“You are a welcome as an apostle of peace in an age when in an increasingly interdependent world, peace is a much needed voice among us all,” said Mr. Rudd.
“You are welcome as a voice of hope at a time in our planet’s dealings when hope is most needed of all. You are also welcome as a voice for the world’s poor,” he added.
The Pope then delivered a message to the modest crowd who lined the courtyard where the members of the Royal Australian Navy, Army and Airforce had assembled in a cross like formation.
“Ever since the first World Youth Day in 1986, it has been evident that vast numbers of young people appreciate the opportunity to come together to deepen their faith in Christ and to learn more about their Christian faith.”
He described the pilgrims as people who “long to hear the word of God… and take part in an event which brings into focus the high ideals that inspire them... [who] return home filled with hope and renewed in their resolve to contribute to the building of a better world.”

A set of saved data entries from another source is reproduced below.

(* Assume the weak form of Szpiro's conjecture. Let $u\geq 1$ be a positive integer, $r\geq1$, and $A_1,\dots,A_r$ fixed positive integers. Then the equation $$\prod_{i=1}^r A_i^{n_i}n_i! = x^2-u^2$$ has only finitely many solutions $(n_1,\dots,n_r,x)$ in positive integers $n_1,\dots,n_r$ and integers $x$.
   Context: For a nonzero integer $a$, $N(a)=\prod_{p\mid a}p$ is its radical. Weak form of Szpiro's conjecture: there exists a constant $s>0$ such that for all pairwise coprime nonzero integers $A,B,C$ with $A+B=C$ one has $|ABC|<N(ABC)^{s}$. *)

theory Defs
  imports Complex_Main "HOL-Computational_Algebra.Primes"
begin

definition radical :: "int \<Rightarrow> int" where
  "radical a = (\<Prod>p\<in>prime_factors a. p)"

definition weak_szpiro :: bool where
  "weak_szpiro \<longleftrightarrow> (\<exists>s::real. s > 0 \<and>
     (\<forall>A B C :: int. A \<noteq> 0 \<longrightarrow> B \<noteq> 0 \<longrightarrow> C \<noteq> 0 \<longrightarrow>
        coprime A B \<longrightarrow> coprime A C \<longrightarrow> coprime B C \<longrightarrow> A + B = C \<longrightarrow>
        real_of_int \<bar>A * B * C\<bar> < real_of_int (radical (A * B * C)) powr s))"

end

theory Submission
  imports Defs
begin

(* Write x^2 - u^2 = y (y + 2u) with y = |x| - u. Dividing by g = gcd(y, 2u) gives the coprime
   triple y/g + 2u/g = (y + 2u)/g, and since g <= 2u, Szpiro's inequality yields
   x^2 - u^2 < (2u)^2 (N(2u) N(x^2 - u^2))^s.  Every prime dividing P = prod A_i^n_i n_i! is at
   most a + m, where a = max A_i and m = max n_i, so N(P) is at most the product of the primes up
   to a + m, which is below 4^(a + m).  Hence m! <= P < C (4^s)^m for a constant C; this bounds m,
   and then x as well. *)

definition primorial :: "nat \<Rightarrow> nat" where
  "primorial n = \<Prod>{p. prime p \<and> p \<le> n}"

lemma primorial_0 [simp]: "primorial 0 = 1"
proof -
  have "{p :: nat. prime p \<and> p \<le> 0} = {}"
    by auto
  then show ?thesis
    unfolding primorial_def by (simp only: prod.empty)
qed

lemma primorial_Suc:
  "primorial (Suc n) = (if prime (Suc n) then Suc n * primorial n else primorial n)"
proof -
  have "{p. prime p \<and> p \<le> Suc n} =
        (if prime (Suc n) then insert (Suc n) {p. prime p \<and> p \<le> n} else {p. prime p \<and> p \<le> n})"
    by (auto simp: le_Suc_eq)
  moreover have "finite {p. prime p \<and> p \<le> n}"
    by auto
  ultimately show ?thesis
    unfolding primorial_def by simp
qed

lemma prod_primes_dvd:
  fixes k :: "'a :: factorial_semiring_gcd"
  assumes "finite T" and "\<And>p. p \<in> T \<Longrightarrow> prime p \<and> p dvd k"
  shows "\<Prod>T dvd k"
  using assms
proof (induction T rule: finite_induct)
  case (insert p T)
  have "coprime p (\<Prod>T)"
    using insert.hyps(2) insert.prems by (intro prod_coprime_right primes_coprime) auto
  with insert show ?case
    by (simp add: divides_mult)
qed simp

lemma binomial_odd_middle_le: "(2*m+1) choose m \<le> 4^m"
proof -
  have "(2*m+1) choose m \<le> (\<Sum>k\<le>m. 2*m+1 choose k)"
    by (rule member_le_sum) auto
  also have "\<dots> = 4^m"
    unfolding binomial_r_part_sum by (simp add: power_mult)
  finally show ?thesis .
qed

lemma prime_dvd_binomial_odd_middle:
  assumes "prime p" "m + 1 < p" "p \<le> 2*m + 1"
  shows "p dvd (2*m+1) choose m"
proof -
  have "fact m * fact (m+1) * ((2*m+1) choose m) = (fact (2*m+1) :: nat)"
    using binomial_fact_lemma[of m "2*m+1"] by simp
  moreover have "p dvd (fact (2*m+1) :: nat)"
    using assms(1,3) prime_dvd_fact_iff by blast
  moreover have "\<not> p dvd (fact m :: nat)" "\<not> p dvd (fact (m+1) :: nat)"
    unfolding prime_dvd_fact_iff[OF assms(1)] using assms(2) by auto
  ultimately show ?thesis
    using assms(1) by (metis prime_dvd_mult_iff)
qed

lemma primorial_le_4_power: "primorial n \<le> 4^n"
proof (induction n rule: less_induct)
  case (less n)
  consider "n \<le> 2" | "n > 2" "even n" | m where "n = 2*m + 1" "m \<ge> 1"
  proof (cases "even n")
    case False
    then obtain m where "n = 2*m + 1" by (rule oddE)
    then show ?thesis using that by (cases "m = 0") auto
  qed (use that in force)
  then show ?case
  proof cases
    case 1
    then have "n = 0 \<or> n = 1 \<or> n = 2" by auto
    then show ?thesis
      by (auto simp: numeral_2_eq_2 primorial_Suc)
  next
    case 2
    then have "\<not> prime n"
      using prime_odd_nat by auto
    then have "primorial n = primorial (n - 1)"
      using primorial_Suc[of "n - 1"] \<open>n > 2\<close> by simp
    also have "\<dots> \<le> 4^(n - 1)"
      using less.IH \<open>n > 2\<close> by simp
    also have "\<dots> \<le> 4^n"
      by simp
    finally show ?thesis .
  next
    case 3
    define T where "T = {p. prime p \<and> m + 1 < p \<and> p \<le> 2*m + 1}"
    have primes_split: "{p. prime p \<and> p \<le> n} = {p. prime p \<and> p \<le> m + 1} \<union> T"
      unfolding T_def \<open>n = 2*m + 1\<close> by auto
    have "primorial n = primorial (m + 1) * \<Prod>T"
      unfolding primorial_def primes_split by (rule prod.union_disjoint) (auto simp: T_def)
    moreover have "primorial (m + 1) \<le> 4^(m + 1)"
      using less.IH[of "m + 1"] 3 by simp
    moreover have "\<Prod>T \<le> 4^m"
    proof -
      have "\<Prod>T dvd (2*m+1) choose m"
        by (rule prod_primes_dvd) (use prime_dvd_binomial_odd_middle in \<open>auto simp only: T_def\<close>)
      then have "\<Prod>T \<le> (2*m+1) choose m"
        by (rule dvd_imp_le) simp
      then show ?thesis
        using binomial_odd_middle_le by (rule order_trans)
    qed
    ultimately have "primorial n \<le> 4^(m + 1) * 4^m"
      by (metis mult_le_mono)
    then show ?thesis
      using 3 by (simp add: power_add mult_2 mult.assoc)
  qed
qed

lemma radical_ge_1: "1 \<le> radical a"
  unfolding radical_def by (rule prod_ge_1) (auto simp: in_prime_factors_iff prime_ge_1_int)

lemma radical_mono:
  assumes "a dvd b" "b \<noteq> 0"
  shows "radical a \<le> radical b"
proof -
  have "prime_factors a \<subseteq> prime_factors b"
    using assms by (auto simp: in_prime_factors_iff intro: dvd_trans)
  then show ?thesis
    unfolding radical_def by (intro prod_mono2) (auto simp: in_prime_factors_iff prime_ge_1_int)
qed

lemma radical_mult_le: "radical (a * b) \<le> radical a * radical b"
proof (cases "a = 0 \<or> b = 0")
  case True
  then show ?thesis
    using radical_ge_1[of a] radical_ge_1[of b] by (auto simp: radical_def)
next
  case False
  let ?A = "prime_factors a" and ?B = "prime_factors b"
  have "radical (a * b) = \<Prod>(?A \<union> ?B)"
    unfolding radical_def using False by (simp add: prime_factors_product)
  also have "\<dots> \<le> \<Prod>(?A \<union> ?B) * \<Prod>(?A \<inter> ?B)"
  proof -
    have "1 \<le> \<Prod>(?A \<inter> ?B)" "1 \<le> \<Prod>(?A \<union> ?B)"
      by (auto intro!: prod_ge_1 simp: in_prime_factors_iff prime_ge_1_int)
    then show ?thesis
      by (simp add: mult_le_cancel_left1)
  qed
  also have "\<dots> = radical a * radical b"
    unfolding radical_def by (rule prod.union_inter) auto
  finally show ?thesis .
qed

lemma radical_le_primorial:
  assumes "\<And>p. prime p \<Longrightarrow> p dvd P \<Longrightarrow> p \<le> L"
  shows "radical (int P) \<le> int (primorial L)"
proof -
  have factors_bounded: "prime_factors (int P) \<subseteq> int ` {p. prime p \<and> p \<le> L}"
  proof
    fix q assume "q \<in> prime_factors (int P)"
    then have "prime q" "q dvd int P"
      by (auto simp: in_prime_factors_iff)
    then have q: "q = int (nat q)" "prime (nat q)"
      by (simp_all add: prime_ge_0_int prime_int_nat_transfer[of q, symmetric])
    with \<open>q dvd int P\<close> have "nat q dvd P"
      by (metis int_dvd_int_iff)
    with q assms show "q \<in> int ` {p. prime p \<and> p \<le> L}"
      by blast
  qed
  have "radical (int P) \<le> \<Prod>(int ` {p. prime p \<and> p \<le> L})"
    unfolding radical_def
  proof (rule prod_mono2)
    show "prime_factors (int P) \<subseteq> int ` {p. prime p \<and> p \<le> L}"
      by (fact factors_bounded)
    show "finite (int ` {p. prime p \<and> p \<le> L})"
      by simp
    show "\<And>b. b \<in> int ` {p. prime p \<and> p \<le> L} - prime_factors (int P) \<Longrightarrow> 1 \<le> b"
      using prime_ge_1_nat by force
  qed (auto dest: in_prime_factors_imp_prime simp: prime_ge_0_int)
  also have "\<dots> = int (primorial L)"
    unfolding primorial_def by (simp add: prod.reindex)
  finally show ?thesis .
qed

definition szpiro_exponent :: "real \<Rightarrow> bool" where
  "szpiro_exponent s \<longleftrightarrow> s > 0 \<and>
     (\<forall>A B C :: int. A \<noteq> 0 \<longrightarrow> B \<noteq> 0 \<longrightarrow> C \<noteq> 0 \<longrightarrow>
        coprime A B \<longrightarrow> coprime A C \<longrightarrow> coprime B C \<longrightarrow> A + B = C \<longrightarrow>
        real_of_int \<bar>A * B * C\<bar> < real_of_int (radical (A * B * C)) powr s)"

The Pope also used his message to praise the Australian government for its moves to promote reconciliation and its relationship with the Indigenous people of Australia.
“Thanks to the Australian Government’s courageous decision to acknowledge the injustices committed against the indigenous peoples, the Aborigines and Torres Strait Islanders.”
Pope Benedict also spoke of the contribution of European Catholics to the building of the Australian nation “particularly in the fields of education and healthcare.”
He made special mention of the Blessed Mary MacKillop, whose tomb the Pope prayed at immediately after the official welcome.
“I know that her perseverance in the face of adversity, her plea for justice on behalf of those unfairly treated and her practical example of holiness have become a source of inspiration for all Australians.”
“In today’s more secular environment, the Catholic community continues to make an important contribution to national life, not only through education and healthcare, but especially by highlighting the spiritual dimension of the questions that feature prominently in contemporary debate.”
The care of the environment was also part of the Pope’s message, where he said it is “appropriate to reflect upon the kind of world we are handing on to future generations.”
“In the words of your national anthem, this land ‘abounds in nature’s gifts, of beauty rich and rare…The wonder of God’s creation reminds us of the need to protect the environment and to exercise responsibility stewardship of the goods of the earth.”
Several cardinals of the Australian Catholic Church together with the representatives of the Maronite Church, were also present to greet the Pope.
Before the Pope’s departure, two young students from an Australian Catholic School approached the Pontiff and gave him a bunch of ‘poseys,’ a small bouquet of flowers.
At the conclusion of the welcome ceremony, the Pope visited the Mary MacKillop Chapel in North Sydney, where he was introduced to the leaders of the order of nuns founded by her.
Tens of thousands of Sydneysiders are expected to line the harbour and city streets to catch a glimpse and welcome the Pope as the papal motorcade travels to Barangaroo Wharf to deliver his first message to the pilgrims.
.- The Prime Minister of Australia Kevin Rudd and Governor General, Major General Michael Jeffery, Australia’s head of State, extended a warm welcome to the Pope at a formal ceremony held on the lawn of Sydney’s Government House this morning following a 21-gun salute and an inspection of the Federation Guard.